Use akka-stream BidiFlows with an IRC client

2015-07-22

Just a few days ago the awesome Akka guys released the akka-stream and akka-http library in version 1.0. So now it is finally a good time, to really dig into that stuff. I have already made some very good experience with using akka-http for an image service. Although, I already faced the raw akka-stream API while doing this project, I still had many open questions especially about stream graphs. In this blog post I want to give a brief introduction in how to write a fully reactive backpressured IRC client with Akka.

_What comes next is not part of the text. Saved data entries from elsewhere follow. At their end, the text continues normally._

(* Let $(G,\mathcal{B}_1,\mathcal{B}_2)$ be a Rota-Baxter system of groups with cocycle $\Phi$. For every $t\in G$, let $\Phi_t$ be the restriction of $\Phi$ to $G_t$. Then $\operatorname{Im}(\Phi_t)=\operatorname{Im}(\Phi)=G_{1_G}$ for every $t\in G$, and $\Phi_{1_G}:G_{1_G}\to G_{1_G}$ is a bijection.
   Context: A Rota-Baxter system of groups is a triple $(G,\mathcal{B}_1,\mathcal{B}_2)$ where $G$ is a group with identity $1_G$ and $\mathcal{B}_1,\mathcal{B}_2:G\to G$ are maps such that for all $a,b\in G$: $\mathcal{B}_1(a)\mathcal{B}_1(b)=\mathcal{B}_1(\mathcal{B}_1(a)b\mathcal{B}_2(a))$ and $\mathcal{B}_2(b)\mathcal{B}_2(a)=\mathcal{B}_2(\mathcal{B}_1(a)b\mathcal{B}_2(a))$. Descendent operation: $a\circ b=\mathcal{B}_1(a)b\mathcal{B}_2(a)$; cocycle: $\Phi(a)=\mathcal{B}_1(a)\mathcal{B}_2(a)$. For $t\in G$: $e_t=\mathcal{B}_1(t)^{-1}t\mathcal{B}_2(t)^{-1}$ and $G_t=\{a\in G\mid a\circ e_t=a\}$. *)

theory Defs
  imports "HOL-Algebra.Group"
begin

definition RB_system :: "('a, 'b) monoid_scheme \<Rightarrow> ('a \<Rightarrow> 'a) \<Rightarrow> ('a \<Rightarrow> 'a) \<Rightarrow> bool" where
  "RB_system G B1 B2 \<longleftrightarrow> group G
     \<and> B1 \<in> carrier G \<rightarrow> carrier G \<and> B2 \<in> carrier G \<rightarrow> carrier G
     \<and> (\<forall>a\<in>carrier G. \<forall>b\<in>carrier G.
          B1 a \<otimes>\<^bsub>G\<^esub> B1 b = B1 (B1 a \<otimes>\<^bsub>G\<^esub> b \<otimes>\<^bsub>G\<^esub> B2 a)
        \<and> B2 b \<otimes>\<^bsub>G\<^esub> B2 a = B2 (B1 a \<otimes>\<^bsub>G\<^esub> b \<otimes>\<^bsub>G\<^esub> B2 a))"

definition RB_desc :: "('a, 'b) monoid_scheme \<Rightarrow> ('a \<Rightarrow> 'a) \<Rightarrow> ('a \<Rightarrow> 'a) \<Rightarrow> 'a \<Rightarrow> 'a \<Rightarrow> 'a" where
  "RB_desc G B1 B2 a b = B1 a \<otimes>\<^bsub>G\<^esub> b \<otimes>\<^bsub>G\<^esub> B2 a"

definition RB_cocycle :: "('a, 'b) monoid_scheme \<Rightarrow> ('a \<Rightarrow> 'a) \<Rightarrow> ('a \<Rightarrow> 'a) \<Rightarrow> 'a \<Rightarrow> 'a" where
  "RB_cocycle G B1 B2 a = B1 a \<otimes>\<^bsub>G\<^esub> B2 a"

definition RB_e :: "('a, 'b) monoid_scheme \<Rightarrow> ('a \<Rightarrow> 'a) \<Rightarrow> ('a \<Rightarrow> 'a) \<Rightarrow> 'a \<Rightarrow> 'a" where
  "RB_e G B1 B2 t = inv\<^bsub>G\<^esub> (B1 t) \<otimes>\<^bsub>G\<^esub> t \<otimes>\<^bsub>G\<^esub> inv\<^bsub>G\<^esub> (B2 t)"

definition RB_Gt :: "('a, 'b) monoid_scheme \<Rightarrow> ('a \<Rightarrow> 'a) \<Rightarrow> ('a \<Rightarrow> 'a) \<Rightarrow> 'a \<Rightarrow> 'a set" where
  "RB_Gt G B1 B2 t = {a \<in> carrier G. RB_desc G B1 B2 a (RB_e G B1 B2 t) = a}"

end

theory Submission
  imports Defs
begin

text \<open>The descendent operation \<open>a \<circ> b = B\<^sub>1(a) b B\<^sub>2(a)\<close> is associative, because the
axioms say exactly that \<open>B\<^sub>1(a \<circ> b) = B\<^sub>1(a) B\<^sub>1(b)\<close> and \<open>B\<^sub>2(a \<circ> b) = B\<^sub>2(b) B\<^sub>2(a)\<close>, and it has
unique left division \<open>a \<setminus> c = B\<^sub>1(a)\<inverse> c B\<^sub>2(a)\<inverse>\<close>.  Since \<open>e\<^sub>t = t \<setminus> t\<close>, one gets
\<open>B\<^sub>1(e\<^sub>t) = B\<^sub>2(e\<^sub>t) = 1\<close>, so every \<open>e\<^sub>t\<close> is a left unit for \<open>\<circ>\<close>.  Now \<open>\<Phi>(a) = a \<circ> 1\<close>, hence
\<open>\<Phi>(a) \<circ> e\<^sub>1 = a \<circ> (1 \<circ> e\<^sub>1) = \<Phi>(a)\<close> shows \<open>Im \<Phi> \<subseteq> G\<^sub>1\<close>, and \<open>\<Phi>(a \<circ> e\<^sub>t) = a \<circ> e\<^sub>t \<circ> 1 = \<Phi>(a)\<close>
with \<open>a \<circ> e\<^sub>t \<in> G\<^sub>t\<close> shows \<open>\<Phi>(G\<^sub>t) = Im \<Phi>\<close>.  Finally \<open>y = 1 \<setminus> e\<^sub>1\<close> satisfies
\<open>1 \<circ> y = y \<circ> 1 = e\<^sub>1\<close>, so on \<open>G\<^sub>1\<close> the map \<open>a \<mapsto> a \<circ> y\<close> is a two-sided inverse of \<open>\<Phi>\<close>.\<close>

locale rota_baxter_system = group G for G :: "('a, 'b) monoid_scheme" (structure) +
  fixes B1 B2 :: "'a \<Rightarrow> 'a"
  assumes B1_closed [simp]: "a \<in> carrier G \<Longrightarrow> B1 a \<in> carrier G"
    and B2_closed [simp]: "a \<in> carrier G \<Longrightarrow> B2 a \<in> carrier G"
    and B1_mult: "\<lbrakk>a \<in> carrier G; b \<in> carrier G\<rbrakk> \<Longrightarrow> B1 a \<otimes> B1 b = B1 (B1 a \<otimes> b \<otimes> B2 a)"
    and B2_mult: "\<lbrakk>a \<in> carrier G; b \<in> carrier G\<rbrakk> \<Longrightarrow> B2 b \<otimes> B2 a = B2 (B1 a \<otimes> b \<otimes> B2 a)"

lemma rota_baxter_systemI: "RB_system G B1 B2 \<Longrightarrow> rota_baxter_system G B1 B2"
  unfolding RB_system_def rota_baxter_system_def rota_baxter_system_axioms_def
  by (auto simp: Pi_def)

context rota_baxter_system
begin

abbreviation desc where "desc \<equiv> RB_desc G B1 B2"
abbreviation cocycle where "cocycle \<equiv> RB_cocycle G B1 B2"
abbreviation e where "e \<equiv> RB_e G B1 B2"
abbreviation Gt where "Gt \<equiv> RB_Gt G B1 B2"

definition desc_ldiv :: "'a \<Rightarrow> 'a \<Rightarrow> 'a" where
  "desc_ldiv a c = inv (B1 a) \<otimes> c \<otimes> inv (B2 a)"

lemma desc_closed [simp]: "\<lbrakk>a \<in> carrier G; b \<in> carrier G\<rbrakk> \<Longrightarrow> desc a b \<in> carrier G"
  by (simp add: RB_desc_def)

lemma desc_ldiv_closed [simp]: "\<lbrakk>a \<in> carrier G; c \<in> carrier G\<rbrakk> \<Longrightarrow> desc_ldiv a c \<in> carrier G"
  by (simp add: desc_ldiv_def)

lemma cocycle_closed [simp]: "a \<in> carrier G \<Longrightarrow> cocycle a \<in> carrier G"
  by (simp add: RB_cocycle_def)

lemma e_eq_desc_ldiv: "e t = desc_ldiv t t"
  by (simp add: RB_e_def desc_ldiv_def)

lemma B1_desc: "\<lbrakk>a \<in> carrier G; b \<in> carrier G\<rbrakk> \<Longrightarrow> B1 (desc a b) = B1 a \<otimes> B1 b"
  by (simp add: RB_desc_def B1_mult)

lemma B2_desc: "\<lbrakk>a \<in> carrier G; b \<in> carrier G\<rbrakk> \<Longrightarrow> B2 (desc a b) = B2 b \<otimes> B2 a"
  by (simp add: RB_desc_def B2_mult)

lemma desc_assoc:
  assumes "a \<in> carrier G" "b \<in> carrier G" "c \<in> carrier G"
  shows "desc (desc a b) c = desc a (desc b c)"
proof -
  have "desc (desc a b) c = B1 (desc a b) \<otimes> c \<otimes> B2 (desc a b)"
    by (rule RB_desc_def)
  also have "\<dots> = B1 a \<otimes> B1 b \<otimes> c \<otimes> (B2 b \<otimes> B2 a)"
    using assms by (simp add: B1_desc B2_desc)
  also have "\<dots> = desc a (desc b c)"
    using assms by (simp add: RB_desc_def m_assoc)
  finally show ?thesis .
qed

lemma desc_desc_ldiv: "\<lbrakk>a \<in> carrier G; c \<in> carrier G\<rbrakk> \<Longrightarrow> desc a (desc_ldiv a c) = c"
  by (simp add: RB_desc_def desc_ldiv_def m_assoc flip: m_assoc[of "B1 a"])

lemma B1_desc_ldiv:
  assumes "a \<in> carrier G" "c \<in> carrier G"
  shows "B1 (desc_ldiv a c) = inv (B1 a) \<otimes> B1 c"
proof -
  have "B1 a \<otimes> B1 (desc_ldiv a c) = B1 c"
    using B1_desc[of a "desc_ldiv a c"] assms by (simp add: desc_desc_ldiv)
  then show ?thesis
    using assms by (metis B1_closed desc_ldiv_closed inv_solve_left)
qed

lemma B2_desc_ldiv:
  assumes "a \<in> carrier G" "c \<in> carrier G"
  shows "B2 (desc_ldiv a c) = B2 c \<otimes> inv (B2 a)"
proof -
  have "B2 (desc_ldiv a c) \<otimes> B2 a = B2 c"
    using B2_desc[of a "desc_ldiv a c"] assms by (simp add: desc_desc_ldiv)
  then show ?thesis
    using assms by (metis B2_closed desc_ldiv_closed inv_solve_right)
qed

lemma e_closed [simp]: "t \<in> carrier G \<Longrightarrow> e t \<in> carrier G"
  by (simp add: e_eq_desc_ldiv)

lemma B1_e [simp]: "t \<in> carrier G \<Longrightarrow> B1 (e t) = \<one>"
  by (simp add: e_eq_desc_ldiv B1_desc_ldiv)

lemma B2_e [simp]: "t \<in> carrier G \<Longrightarrow> B2 (e t) = \<one>"
  by (simp add: e_eq_desc_ldiv B2_desc_ldiv)

lemma desc_e_left: "\<lbrakk>t \<in> carrier G; x \<in> carrier G\<rbrakk> \<Longrightarrow> desc (e t) x = x"
  by (simp add: RB_desc_def)

lemma cocycle_eq_desc_one: "a \<in> carrier G \<Longrightarrow> cocycle a = desc a \<one>"
  by (simp add: RB_desc_def RB_cocycle_def)

lemma desc_one_e_one: "desc \<one> (e \<one>) = \<one>"
  using desc_desc_ldiv[of \<one> \<one>] by (simp add: e_eq_desc_ldiv)

lemma desc_one_ldiv_e_one: "desc \<one> (desc_ldiv \<one> (e \<one>)) = e \<one>"
  by (simp add: desc_desc_ldiv)

lemma desc_ldiv_e_one_one: "desc (desc_ldiv \<one> (e \<one>)) \<one> = e \<one>"
  by (simp add: RB_desc_def B1_desc_ldiv B2_desc_ldiv) (simp add: RB_e_def)

lemma desc_e_mem_Gt: "\<lbrakk>t \<in> carrier G; a \<in> carrier G\<rbrakk> \<Longrightarrow> desc a (e t) \<in> Gt t"
  by (simp add: RB_Gt_def desc_assoc desc_e_left)

lemma cocycle_desc_e: "\<lbrakk>t \<in> carrier G; a \<in> carrier G\<rbrakk> \<Longrightarrow> cocycle (desc a (e t)) = cocycle a"
  by (simp add: cocycle_eq_desc_one desc_assoc desc_e_left)

lemma cocycle_mem_Gt_one: "a \<in> carrier G \<Longrightarrow> cocycle a \<in> Gt \<one>"
  by (simp add: RB_Gt_def cocycle_eq_desc_one desc_assoc desc_one_e_one)

lemma cocycle_desc_ldiv_e_one: "a \<in> Gt \<one> \<Longrightarrow> cocycle (desc a (desc_ldiv \<one> (e \<one>))) = a"
  by (simp add: RB_Gt_def cocycle_eq_desc_one desc_assoc desc_ldiv_e_one_one)

lemma desc_cocycle_ldiv_e_one: "a \<in> Gt \<one> \<Longrightarrow> desc (cocycle a) (desc_ldiv \<one> (e \<one>)) = a"
  by (simp add: RB_Gt_def cocycle_eq_desc_one desc_assoc desc_one_ldiv_e_one)

lemma image_cocycle_Gt:
  assumes "t \<in> carrier G"
  shows "cocycle ` Gt t = cocycle ` carrier G"
proof (intro equalityI subsetI)
  fix z assume "z \<in> cocycle ` carrier G"
  then obtain a where "a \<in> carrier G" "z = cocycle a" by blast
  with assms show "z \<in> cocycle ` Gt t"
    using cocycle_desc_e desc_e_mem_Gt by (metis image_eqI)
qed (auto simp: RB_Gt_def)

lemma image_cocycle: "cocycle ` carrier G = Gt \<one>"
proof (intro equalityI subsetI)
  fix a assume a: "a \<in> Gt \<one>"
  then have "desc a (desc_ldiv \<one> (e \<one>)) \<in> carrier G"
    by (simp add: RB_Gt_def)
  with a show "a \<in> cocycle ` carrier G"
    using cocycle_desc_ldiv_e_one by (metis image_eqI)
qed (auto simp: cocycle_mem_Gt_one)

lemma inj_on_cocycle_Gt_one: "inj_on cocycle (Gt \<one>)"
  by (metis inj_onI desc_cocycle_ldiv_e_one)

end

theorem proposition4p4:
  fixes G :: "('a, 'b) monoid_scheme" and B1 B2 :: "'a \<Rightarrow> 'a"
  assumes "RB_system G B1 B2"
  shows "(\<forall>t\<in>carrier G.
            RB_cocycle G B1 B2 ` RB_Gt G B1 B2 t = RB_cocycle G B1 B2 ` carrier G
          \<and> RB_cocycle G B1 B2 ` carrier G = RB_Gt G B1 B2 \<one>\<^bsub>G\<^esub>)
       \<and> bij_betw (RB_cocycle G B1 B2) (RB_Gt G B1 B2 \<one>\<^bsub>G\<^esub>) (RB_Gt G B1 B2 \<one>\<^bsub>G\<^esub>)"
proof -
  interpret rota_baxter_system G B1 B2
    using assms by (rule rota_baxter_systemI)
  have "cocycle ` Gt \<one>\<^bsub>G\<^esub> = Gt \<one>\<^bsub>G\<^esub>"
    using image_cocycle_Gt[of "\<one>\<^bsub>G\<^esub>"] image_cocycle by simp
  then show ?thesis
    using image_cocycle_Gt image_cocycle inj_on_cocycle_Gt_one by (simp add: bij_betw_def)
qed

end
(* Let $d\ge1$ be fixed and let $f$ be a probability density on $\mathbb{R}^d$ with compact support and a unique global mode $x_0$ satisfying, for some constants $0<c_0<C_0$, $h_0>0$, $\beta>0$, $$f(x_0)-C_0\|x-x_0\|^\beta \le f(x)\le f(x_0)-c_0\|x-x_0\|^\beta \text{ for } \|x-x_0\|\le h_0,\qquad f(x)\le f(x_0)-c_0h_0^\beta \text{ for } \|x-x_0\|\ge h_0.$$ For any fixed scale multiplier $b\ge2$ and margin $\kappa\ge0$, the Multi-scale Mode Hunting procedure (described in the context) applied to an i.i.d. sample $X_1,\dots,X_n$ from $f$ runs in expected time linear in $n$.
   Context: $\|x\|=\max_i|x_i|$ is the sup-norm. Multi-scale Mode Hunting with inputs $x_1,\dots,x_n\in\mathbb{R}^d$, $b\ge2$, $\kappa\ge0$: set $s_{\max}=\lfloor \log(n)/(d\log b)\rfloor$ and initialize the active set $I_{\rm active}=\{1,\dots,n\}$. For $s=1,\dots,s_{\max}$: for each $k\in\mathbb{Z}^d$ let $I(k,s)=\{i\in I_{\rm active}: x_i\in[kb^{-s},(k+1)b^{-s})\}$ (coordinatewise half-open hypercube); let $\hat k(s)\in\arg\max_k \#I(k,s)$; update $I_{\rm active}\leftarrow\bigcup\{I(k,s):\|k-\hat k(s)\|\le\kappa\}$. Return $\hat x=\hat k(s_{\max})b^{-s_{\max}}$. Bins containing active points are found by computing $\lfloor x_i b^s\rfloor$ for each active point (time $O(d)$ per point) and accumulating counts in a sparse array. *)

theory Defs
  imports "HOL-Probability.Probability"
begin

text \<open>Sup-norm on R^d (the type index 'd gives d = CARD('d)).\<close>
definition supn :: "real^'d \<Rightarrow> real" where
  "supn x = Max (range (\<lambda>i. \<bar>x $ i\<bar>))"

text \<open>Bin index floor(x b^s) (coordinatewise) of the half-open cube
  [k b^-s, (k+1) b^-s) containing x.\<close>
definition bin :: "real \<Rightarrow> nat \<Rightarrow> real^'d \<Rightarrow> int^'d" where
  "bin b s x = (\<chi> i. \<lfloor>x $ i * b ^ s\<rfloor>)"

definition cell_count :: "(nat \<Rightarrow> real^'d) \<Rightarrow> real \<Rightarrow> nat \<Rightarrow> nat set \<Rightarrow> int^'d \<Rightarrow> nat" where
  "cell_count X b s A k = card {i \<in> A. bin b s (X i) = k}"

definition mode_bin :: "(nat \<Rightarrow> real^'d) \<Rightarrow> real \<Rightarrow> nat \<Rightarrow> nat set \<Rightarrow> int^'d" where
  "mode_bin X b s A = (SOME k. \<forall>k'. cell_count X b s A k' \<le> cell_count X b s A k)"

definition next_active :: "(nat \<Rightarrow> real^'d) \<Rightarrow> real \<Rightarrow> real \<Rightarrow> nat \<Rightarrow> nat set \<Rightarrow> nat set" where
  "next_active X b \<kappa> s A =
     {i \<in> A. supn (\<chi> j. real_of_int ((bin b s (X i) - mode_bin X b s A) $ j)) \<le> \<kappa>}"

I assume, that you already have some basic knowledge on akka-streams. If not feel free to look into one of my older posts here. Flows are a really powerful stream abstraction, that allow unidirectional data transfer in a reactive and backpressured manner. But if you think about protocols like HTTP, IRC, SMTP and so on, one direction of data flow is not sufficient. Here does the BidiFlow (abbreviation for bidirectional flow) come into play. From the outside view it is basically two flows in opposite directions: one representing the input data flow from upstream to downstream and one representing the output dataflow from downstream to upstream. The inner view of a BidiFlow on the other hand can do what ever it wants, from simple stuff like (de)serializing binary data into objects and vice versa to complex stateful stuff.

Composition

You can compose multiple BidiFlows together. Let’s say you want to implement a client (like the IRC client we are heading to): Then you have on the one side the TCP stack with an input data stream to read from and an output data stream to write to. To make the client run, we have to somehow connect the input data stream with the output data stream by something protocol aware, that writes the correct output messages in reaction to input messages. In between there often several good to separate steps like serialization, logging, filtering and stuff. The general picture looks like this:

Akka BidiFlow composition

BidiFlows as well as Flows are strongly typed in terms of what type of elements they can consume and produce. So two BidiFlows are composable if and only if the out1-type of A is compatible with the in1-type of B and the out2-type of B is compatible with the in2-type of A.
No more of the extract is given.